Он сделал шаг вперёд, его ботинки оставили на чистом ламинате грязный, мокрый след. Он видел этот след, но ему было всё равно. Пусть видит. Пусть видит, как он, её муж, врывается в их общий, такой ухоженный мир, неся с собой горе своей матери.
Инга молчала. Она смотрела на этот след, потом перевела взгляд обратно на его лицо. Её спокойствие начинало казаться зловещим. Оно не было смиренным или испуганным. Оно было уверенным. Словно она знала нечто, чего не знал он, и это знание давало ей несокрушимую силу.

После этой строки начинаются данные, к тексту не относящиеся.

text \<open>
  Multiplying \<open>F\<close> by \<open>exp (s\<^sup>2 / 2h)\<close> turns the weighted hypotheses into plain bounds on an
  entire function \<open>G\<close>: \<open>|G| \<le> exp (e\<^sup>2 / 2h)\<close> on the half-plane \<open>Re s \<ge> -e\<close> and
  \<open>|G| \<le> exp (-c / 2h)\<close> on the disc \<open>|s - L| \<le> b\<close>, while the weighted quantity never exceeds
  \<open>|G|\<close>. A Moebius map sends the unit disc onto \<open>Re s > -e\<close> and \<open>0\<close> to \<open>L\<close>; it carries a small
  disc about \<open>0\<close> into \<open>|s - L| \<le> b\<close> and the rectangle \<open>|Re s| \<le> e/2, |Im s| \<le> r\<close> comes from a
  disc of radius \<open>t < 1\<close>. The three-circles theorem then bounds \<open>|G|\<close> on the rectangle by
  \<open>exp ((e\<^sup>2 - (c + e\<^sup>2) \<kappa>) / 2h)\<close> with \<open>\<kappa>\<close> of order \<open>e\<close>, so a small \<open>e\<close>, independent
  of \<open>h\<close> and \<open>F\<close>, makes the exponent negative.
\<close>

lemma annulus_power_bound:
  fixes H :: "complex \<Rightarrow> complex" and N K :: nat and \<beta> :: real
  assumes hol: "H holomorphic_on cball 0 R" and "0 < \<rho>" "\<rho> < R"
    and outer: "\<And>z. norm z = R \<Longrightarrow> norm (H z) \<le> 1"
    and inner: "\<And>z. norm z = \<rho> \<Longrightarrow> norm (H z) \<le> exp (-\<beta>)"
    and KN: "K * ln (R/\<rho>) \<le> N * \<beta>"
    and w: "\<rho> \<le> norm w" "norm w \<le> R"
  shows "norm (H w) ^ N \<le> (norm w / R) ^ K"
proof -
  define \<Psi> where "\<Psi> z = H z ^ N * (of_real R / z) ^ K" for z
  define S where "S = cball (0::complex) R - ball 0 \<rho>"
  have clS: "closure S = S" unfolding S_def by (blast intro!: closure_closed)
  have inS: "interior S = ball 0 R - cball 0 \<rho>"
    unfolding S_def using \<open>0 < \<rho>\<close> by (simp add: interior_diff)
  have norm_\<Psi>: "norm (\<Psi> z) = norm (H z) ^ N * (R / norm z) ^ K" for z
    unfolding \<Psi>_def using \<open>\<rho> < R\<close> \<open>0 < \<rho>\<close> by (simp add: norm_mult norm_power norm_divide)
  have "norm (\<Psi> w) \<le> 1"
  proof (rule maximum_modulus_frontier [of \<Psi> S])
    show "\<Psi> holomorphic_on interior S" unfolding inS \<Psi>_def using \<open>0 < \<rho>\<close>
      by (intro holomorphic_intros holomorphic_on_subset[OF hol]) auto
    show "continuous_on (closure S) \<Psi>" unfolding clS unfolding \<Psi>_def S_def using \<open>0 < \<rho>\<close>
      by (intro continuous_intros holomorphic_on_imp_continuous_on holomorphic_on_subset[OF hol]) auto
    show "bounded S" unfolding S_def by auto
    show "w \<in> S" unfolding S_def using w by auto
    fix z assume "z \<in> frontier S"
    then have "norm z = R \<or> norm z = \<rho>" unfolding frontier_def clS inS unfolding S_def by auto
    then show "norm (\<Psi> z) \<le> 1"
    proof
      assume "norm z = R"
      then show ?thesis using outer[of z] \<open>0 < \<rho>\<close> \<open>\<rho> < R\<close> by (simp add: norm_\<Psi> power_le_one)
    next
      assume z: "norm z = \<rho>"
      have "norm (H z) ^ N \<le> exp (-\<beta>) ^ N"
        using inner[OF z] by (simp add: power_mono)
      also have "\<dots> = exp (- (N * \<beta>))" by (simp add: exp_of_nat_mult[symmetric])
      finally have "norm (H z) ^ N \<le> exp (- (N * \<beta>))" .
      moreover have "(R / \<rho>) ^ K = exp (K * ln (R/\<rho>))"
        using \<open>0 < \<rho>\<close> \<open>\<rho> < R\<close> by (simp add: exp_of_nat_mult)
      then have "(R / \<rho>) ^ K \<le> exp (N * \<beta>)" using KN by simp
      ultimately have "norm (H z) ^ N * (R / \<rho>) ^ K \<le> exp (- (N * \<beta>)) * exp (N * \<beta>)"
        using \<open>0 < \<rho>\<close> \<open>\<rho> < R\<close> by (intro mult_mono) auto
      then show ?thesis using z by (simp add: norm_\<Psi> exp_minus field_simps)
    qed
  qed
  moreover have "0 < norm w" using w \<open>0 < \<rho>\<close> by linarith
  moreover have "0 < R" using \<open>0 < \<rho>\<close> \<open>\<rho> < R\<close> by linarith
  ultimately show ?thesis by (simp add: norm_\<Psi> power_divide field_simps)
qed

Она видела перед собой не любимого мужчину, а разъярённого мальчика, которого накрутила по телефону его мама.
— Она тебе не сказала, на что ей деньги? — наконец произнесла Инга. Её голос был ровным, без единой дрогнувшей ноты. Это был не вопрос, а констатация.

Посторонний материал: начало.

lemma Ac_conv_heat_rescaled:
  fixes F :: "real \<Rightarrow> real"
  assumes F_cont: "continuous_on UNIV F" and bound: "\<And>y. \<bar>F y\<bar> \<le> B" and t: "t > 0"
  shows "Ac_conv_heat F t x = (LINT z|lborel. F (x + sqrt t * z) * heat_weight z) / sqrt t"
proof -
  have F_meas [measurable]: "F \<in> borel_measurable borel"
    using F_cont by (rule borel_measurable_continuous_onI)
  define h where "h \<xi> = heat_kernel t (x - \<xi>)" for \<xi>
  define g where "g \<xi> = F \<xi> * deriv h \<xi>" for \<xi>
  have "(h \<longlongrightarrow> 0) at_top"
    unfolding h_def heat_kernel_def using t by real_asymp
  then have h_top: "Lim at_top h = 0"
    by (rule tendsto_Lim[rotated]) simp
  have "(h has_real_derivative (x - \<xi>) / (2 * t) * h \<xi>) (at \<xi>)" for \<xi>
    unfolding h_def
    by (rule DERIV_chain2[OF heat_kernel_has_real_derivative[OF t], THEN DERIV_cong])
      (auto intro!: derivative_eq_intros)
  then have g_eq: "g \<xi> = F \<xi> * ((x - \<xi>) / (2 * t) * h \<xi>)" for \<xi>
    unfolding g_def by (metis DERIV_imp_deriv)
  have g_rescaled: "g (x + sqrt t * z) = - (F (x + sqrt t * z) * heat_weight z) / t" for z
  proof -
    have "h (x + sqrt t * z) = normal_density 0 (sqrt 2) z / sqrt t"
      using heat_kernel_rescale[OF t, of "- z"] by (simp add: h_def normal_density_def)
    then show ?thesis
      using t by (simp add: g_eq heat_weight_def field_simps)
  qed
  have "integrable lborel (\<lambda>z. g (x + sqrt t * z))"
    unfolding g_rescaled using integrable_bounded_mult_heat_weight[OF F_meas bound] by simp
  then have "integrable lborel g"
    using lborel_integrable_real_affine_iff[of "sqrt t" g x] t by simp
  then have "integral UNIV g = integral\<^sup>L lborel g"
    by (intro integral_unique has_integral_integral_lborel)
  also have "\<dots> = sqrt t * (LINT z|lborel. g (x + sqrt t * z))"
    using lborel_integral_real_affine[of "sqrt t" g x] t by simp
  also have "\<dots> = - (LINT z|lborel. F (x + sqrt t * z) * heat_weight z) / sqrt t"
    unfolding g_rescaled using t by (simp add: field_simps)
  finally show ?thesis
    unfolding Ac_conv_heat_def Ac_integral_mult_def h_def[symmetric] h_top g_def[symmetric]
    by simp
qed

definition heat_quotient_integrand :: "(real \<Rightarrow> real) \<Rightarrow> real \<times> real \<Rightarrow> real \<Rightarrow> real" where
  "heat_quotient_integrand F p z =
    difference_quotient F (fst p) (sqrt (snd p) * z) * (z * heat_weight z)"

definition heat_quotient_integral :: "(real \<Rightarrow> real) \<Rightarrow> real \<times> real \<Rightarrow> real" where
  "heat_quotient_integral F p = (LINT z|lborel. heat_quotient_integrand F p z)"

lemma borel_measurable_heat_quotient_integrand:
  fixes F :: "real \<Rightarrow> real"
  assumes "continuous_on UNIV F"
  shows "heat_quotient_integrand F p \<in> borel_measurable lborel"
proof -
  have [measurable]: "F \<in> borel_measurable borel"
    using assms by (rule borel_measurable_continuous_onI)
  show ?thesis
    unfolding heat_quotient_integrand_def difference_quotient_def by measurable
qed

lemma Ac_conv_heat_eq_heat_quotient_integral:
  fixes F :: "real \<Rightarrow> real"
  assumes F_cont: "continuous_on UNIV F" and bound: "\<And>y. \<bar>F y\<bar> \<le> B" and t: "t > 0"
  shows "Ac_conv_heat F t x = heat_quotient_integral F (x, t)"
proof -
  have F_meas [measurable]: "F \<in> borel_measurable borel"
    using F_cont by (rule borel_measurable_continuous_onI)
  have "Ac_conv_heat F t x = (LINT z|lborel. F (x + sqrt t * z) * heat_weight z) / sqrt t"
    using Ac_conv_heat_rescaled[OF F_cont bound t] .
  also have "\<dots> = (LINT z|lborel. F (x + sqrt t * z) * heat_weight z / sqrt t
      - F x / sqrt t * heat_weight z)"
    using integrable_bounded_mult_heat_weight[OF F_meas bound] has_bochner_integral_heat_weight
    by (simp add: has_bochner_integral_iff)
  also have "\<dots> = (LINT z|lborel. difference_quotient F x (sqrt t * z) * (z * heat_weight z))"
    using t by (intro Bochner_Integration.integral_cong)
      (auto simp: difference_quotient_def field_simps)
  finally show ?thesis
    by (simp add: heat_quotient_integral_def heat_quotient_integrand_def)
qed

lemma heat_quotient_integral_time_zero: "heat_quotient_integral F (x, 0) = deriv F x"
  using has_bochner_integral_moment_heat_weight
  by (simp add: heat_quotient_integral_def heat_quotient_integrand_def difference_quotient_def
      has_bochner_integral_iff)

lemma isCont_heat_quotient_integral_positive_time:
  fixes F :: "real \<Rightarrow> real"
  assumes F_cont: "continuous_on UNIV F" and bound: "\<And>y. \<bar>F y\<bar> \<le> B" and t0: "t0 > 0"
  shows "isCont (heat_quotient_integral F) (x0, t0)"
  unfolding heat_quotient_integral_def
proof (rule isCont_integral_dominated[where w = "\<lambda>z. 2 * B / sqrt (t0 / 2) * \<bar>heat_weight z\<bar>"])
  show "heat_quotient_integrand F p \<in> borel_measurable lborel" for p
    using F_cont by (rule borel_measurable_heat_quotient_integrand)
  show "integrable lborel (\<lambda>z. 2 * B / sqrt (t0 / 2) * \<bar>heat_weight z\<bar>)"
    using integrable_abs_heat_weight by simp
  show "isCont (\<lambda>p. heat_quotient_integrand F p z) (x0, t0)" for z
  proof (cases "z = 0")
    case False
    have "isCont (\<lambda>p. difference_quotient F (fst p) (snd p)) (x0, sqrt t0 * z)"
      using F_cont t0 False by (intro isCont_difference_quotient_nonzero) auto
    then have "isCont (\<lambda>p. difference_quotient F (fst p) (sqrt (snd p) * z)) (x0, t0)"
      using isCont_o2[where f = "\<lambda>p. (fst p, sqrt (snd p) * z)" and a = "(x0, t0)"
          and g = "\<lambda>p. difference_quotient F (fst p) (snd p)"]
      by (simp add: continuous_intros)
    then show ?thesis
      unfolding heat_quotient_integrand_def by (intro continuous_intros)
  qed (simp add: heat_quotient_integrand_def)
  have "eventually (\<lambda>p. t0 / 2 < snd p) (at (x0, t0))"
    using t0 by (intro order_tendstoD(1)[OF tendsto_snd[OF tendsto_ident_at]]) auto
  then show "eventually (\<lambda>p. \<forall>z\<in>space lborel.
      norm (heat_quotient_integrand F p z) \<le> 2 * B / sqrt (t0 / 2) * \<bar>heat_weight z\<bar>) (at (x0, t0))"
  proof eventually_elim
    case (elim p)
    have "0 \<le> B"
      using bound[of 0] by simp
    have dq_le: "\<bar>difference_quotient F (fst p) (sqrt (snd p) * z)\<bar> * \<bar>z\<bar> \<le> 2 * B / sqrt (t0 / 2)"
      for z
      using elim t0 \<open>0 \<le> B\<close>
      by (intro order_trans[OF abs_difference_quotient_scaled_le[OF bound] divide_left_mono]) auto
    show ?case
    proof
      fix z
      have "norm (heat_quotient_integrand F p z)
          = \<bar>difference_quotient F (fst p) (sqrt (snd p) * z)\<bar> * \<bar>z\<bar> * \<bar>heat_weight z\<bar>"
        by (simp add: heat_quotient_integrand_def abs_mult)
      also have "\<dots> \<le> 2 * B / sqrt (t0 / 2) * \<bar>heat_weight z\<bar>"
        by (rule mult_right_mono[OF dq_le]) simp
      finally show "norm (heat_quotient_integrand F p z) \<le> 2 * B / sqrt (t0 / 2) * \<bar>heat_weight z\<bar>" .
    qed
  qed
qed

lemma isCont_heat_quotient_integral_time_zero:
  fixes F :: "real \<Rightarrow> real"
  assumes F_cont: "continuous_on UNIV F" and bound: "\<And>y. \<bar>F y\<bar> \<le> B"
    and I: "open I" "x0 \<in> I" and diff: "\<forall>x\<in>I. F differentiable (at x)"
    and deriv_cont: "continuous_on I (deriv F)"
  shows "isCont (heat_quotient_integral F) (x0, 0)"
proof -
  obtain \<delta> C where \<delta>: "\<delta> > 0"
    and C: "\<And>x h. \<bar>x - x0\<bar> < \<delta> \<Longrightarrow> \<bar>difference_quotient F x h\<bar> \<le> C"
    using difference_quotient_locally_bounded[OF bound I diff deriv_cont] by blast
  show ?thesis
    unfolding heat_quotient_integral_def
  proof (rule isCont_integral_dominated[where w = "\<lambda>z. C * (z * heat_weight z)"])
    show "heat_quotient_integrand F p \<in> borel_measurable lborel" for p
      using F_cont by (rule borel_measurable_heat_quotient_integrand)
    show "integrable lborel (\<lambda>z. C * (z * heat_weight z))"
      using has_bochner_integral_moment_heat_weight by (simp add: has_bochner_integral_iff)
    show "isCont (\<lambda>p. heat_quotient_integrand F p z) (x0, 0)" for z
    proof -
      have "isCont (\<lambda>p. difference_quotient F (fst p) (sqrt (snd p) * z)) (x0, 0)"
        using isCont_o2[where f = "\<lambda>p. (fst p, sqrt (snd p) * z)" and a = "(x0, 0)"
            and g = "\<lambda>p. difference_quotient F (fst p) (snd p)"]
          isCont_difference_quotient_zero[OF I diff deriv_cont]
        by (simp add: continuous_intros)
      then show ?thesis
        unfolding heat_quotient_integrand_def by (intro continuous_intros)
    qed
    have "eventually (\<lambda>p. dist (fst p) x0 < \<delta>) (at (x0, 0))"
      using \<delta> by (intro tendstoD[OF tendsto_fst[OF tendsto_ident_at], of _ "(x0, 0)", simplified])
    then show "eventually (\<lambda>p. \<forall>z\<in>space lborel.
        norm (heat_quotient_integrand F p z) \<le> C * (z * heat_weight z)) (at (x0, 0))"
    proof eventually_elim
      case (elim p)
      show ?case
      proof
        fix z
        have "norm (heat_quotient_integrand F p z)
            = \<bar>difference_quotient F (fst p) (sqrt (snd p) * z)\<bar> * (z * heat_weight z)"
          using moment_heat_weight_nonneg[of z] unfolding heat_quotient_integrand_def
          by (metis abs_mult abs_of_nonneg real_norm_def)
        also have "\<dots> \<le> C * (z * heat_weight z)"
          using C elim moment_heat_weight_nonneg[of z] by (intro mult_right_mono) (auto simp: dist_real_def)
        finally show "norm (heat_quotient_integrand F p z) \<le> C * (z * heat_weight z)" .
      qed
    qed
  qed
qed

Этот простой вопрос выбил его из колеи. Он ожидал чего угодно: «Я не могла!», «У нас самих нет!», «Она всё врёт!». Но не этого спокойного, делового уточнения, которое переводило весь разговор из плоскости эмоций в плоскость фактов.

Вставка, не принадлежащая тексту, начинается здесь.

(* Let $A,B\subset\mathbb{R}^n$ be set-germs at $0$ with $0\in\overline{A}\cap\overline{B}$, and let $h:(\mathbb{R}^n,0)\to(\mathbb{R}^n,0)$ be a bi-Lipschitz homeomorphism germ. Suppose that $A$ or $B$ satisfies condition (SSP), and that $h(A)$ or $h(B)$ satisfies condition (SSP). Then $A$ and $B$ are weakly transverse at $0$ if and only if $h(A)$ and $h(B)$ are weakly transverse at $0$.
   Context: For a set-germ $A\subset\mathbb{R}^n$ at $0$ with $0\in\overline A$, the direction set is $D(A)=\{a\in S^{n-1}:\exists\, x_i\in A\setminus\{0\},\ x_i\to0,\ x_i/\|x_i\|\to a\}$, where $S^{n-1}$ is the unit sphere. For sequences, $\|u_m\|\ll\|v_m\|,\|w_m\|$ means $\|u_m\|/\|v_m\|\to0$ and $\|u_m\|/\|w_m\|\to0$. A set-germ $A$ with $0\in\overline A$ satisfies condition (SSP) if for every sequence $a_m\in\mathbb{R}^n$ tending to $0$ with $\lim a_m/\|a_m\|\in D(A)$ there is a sequence $b_m\in A$ with $\|a_m-b_m\|\ll\|a_m\|,\|b_m\|$. $A$ and $B$ are weakly transverse at $0$ if $D(A)\cap D(B)=\emptyset$. A bi-Lipschitz homeomorphism germ $h$ is a homeomorphism germ with $h(0)=0$ and constants $0<K_1\le K_2$ with $K_1\|x-y\|\le\|h(x)-h(y)\|\le K_2\|x-y\|$ near $0$. *)

theory Defs
  imports "HOL-Analysis.Analysis"
begin

definition dirset :: "'a::euclidean_space set \<Rightarrow> 'a set" where
  "dirset A = {a \<in> sphere 0 1. \<exists>x :: nat \<Rightarrow> 'a.
      (\<forall>i. x i \<in> A - {0}) \<and> x \<longlonglongrightarrow> 0 \<and> (\<lambda>i. x i /\<^sub>R norm (x i)) \<longlonglongrightarrow> a}"

definition SSP :: "'a::euclidean_space set \<Rightarrow> bool" where
  "SSP A \<longleftrightarrow> (\<forall>a :: nat \<Rightarrow> 'a. \<forall>d.
      a \<longlonglongrightarrow> 0 \<and> (\<lambda>m. a m /\<^sub>R norm (a m)) \<longlonglongrightarrow> d \<and> d \<in> dirset A \<longrightarrow>
      (\<exists>b :: nat \<Rightarrow> 'a. (\<forall>m. b m \<in> A) \<and>
          (\<lambda>m. norm (a m - b m) / norm (a m)) \<longlonglongrightarrow> 0 \<and>
          (\<lambda>m. norm (a m - b m) / norm (b m)) \<longlonglongrightarrow> 0))"

definition weakly_transverse :: "'a::euclidean_space set \<Rightarrow> 'a set \<Rightarrow> bool" where
  "weakly_transverse A B \<longleftrightarrow> dirset A \<inter> dirset B = {}"

text \<open>h, restricted to the open neighbourhood U of 0, is a representative of a
  bi-Lipschitz homeomorphism germ (R^n,0) -> (R^n,0).\<close>
definition bilipschitz_homeo_germ :: "('a::euclidean_space \<Rightarrow> 'a) \<Rightarrow> 'a set \<Rightarrow> bool" where
  "bilipschitz_homeo_germ h U \<longleftrightarrow>
     open U \<and> 0 \<in> U \<and> h 0 = 0 \<and> open (h ` U) \<and>
     (\<exists>g. homeomorphism U (h ` U) h g) \<and>
     (\<exists>K1 K2. 0 < K1 \<and> K1 \<le> K2 \<and>
        (\<forall>x\<in>U. \<forall>y\<in>U. K1 * dist x y \<le> dist (h x) (h y) \<and> dist (h x) (h y) \<le> K2 * dist x y))"

end

theory Submission imports Defs begin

— На жизнь! На что ещё? — почти выкрикнул он, чувствуя, что почва уходит из-под ног. — На еду, на лекарства! Ты думаешь, ей легко просить? Ты думаешь, это не унижение для неё — приходить к нам, к тебе, и просить о помощи? Она бы никогда этого не сделала, если бы не крайняя нужда!
Он говорил громко, убеждая в первую очередь себя. В его сознании уже нарисовалась трагическая картина: его одинокая, гордая мать, доведённая до последней черты, перешагивает через себя и идёт на поклон к бессердечной невестке, а та с холодным презрением захлопывает перед ней дверь. Эта картина вызывала в нём волну острой жалости к матери и кипящей ненависти к жене, которая сидела сейчас перед ним, такая спокойная, сытая и безразличная.
— Нет, Стас. Не на жизнь.
Два этих слова, произнесённые без тени сомнения, ударили его сильнее, чем если бы она запустила в него тарелкой. Он замер. Весь его заготовленный запал, вся его праведная ярость наткнулись на эту короткую, как удар хлыста, фразу. Она отрицала не его гнев, она отрицала саму основу его претензий.
Инга медленно, словно не замечая его, встала из-за стола. Она не пошла к нему. Она обошла стол с другой стороны и остановилась у окна, глядя на тёмный двор, залитый жёлтым светом фонарей. Теперь она стояла к нему вполоборота, и её профиль на фоне ночного стекла казался вырезанным из слоновой кости — такой же холодный и безупречный. Это движение было рассчитанным. Она заставила его развернуться, сместила центр комнаты, перехватила инициативу. Теперь он стоял посреди кухни, как обвиняемый, а она — как судья, который вот-вот огласит вердикт.
— Что значит «не на жизнь»? — спросил он уже не так уверенно. Его голос потерял металл, в нём прорезалась растерянность. — Ты о чём вообще?
Она повернулась. Её глаза, казавшиеся до этого спокойными, теперь горели холодным, тёмным пламенем. Это была не истерика, а сфокусированная, концентрированная ярость, которая копилась слишком долго.
— Твоя мать все свои сбережения потратила на своего нового мужика, а теперь просит ещё и у нас, чтобы её этот же мужик не бросил, потому что у неё больше нет денег!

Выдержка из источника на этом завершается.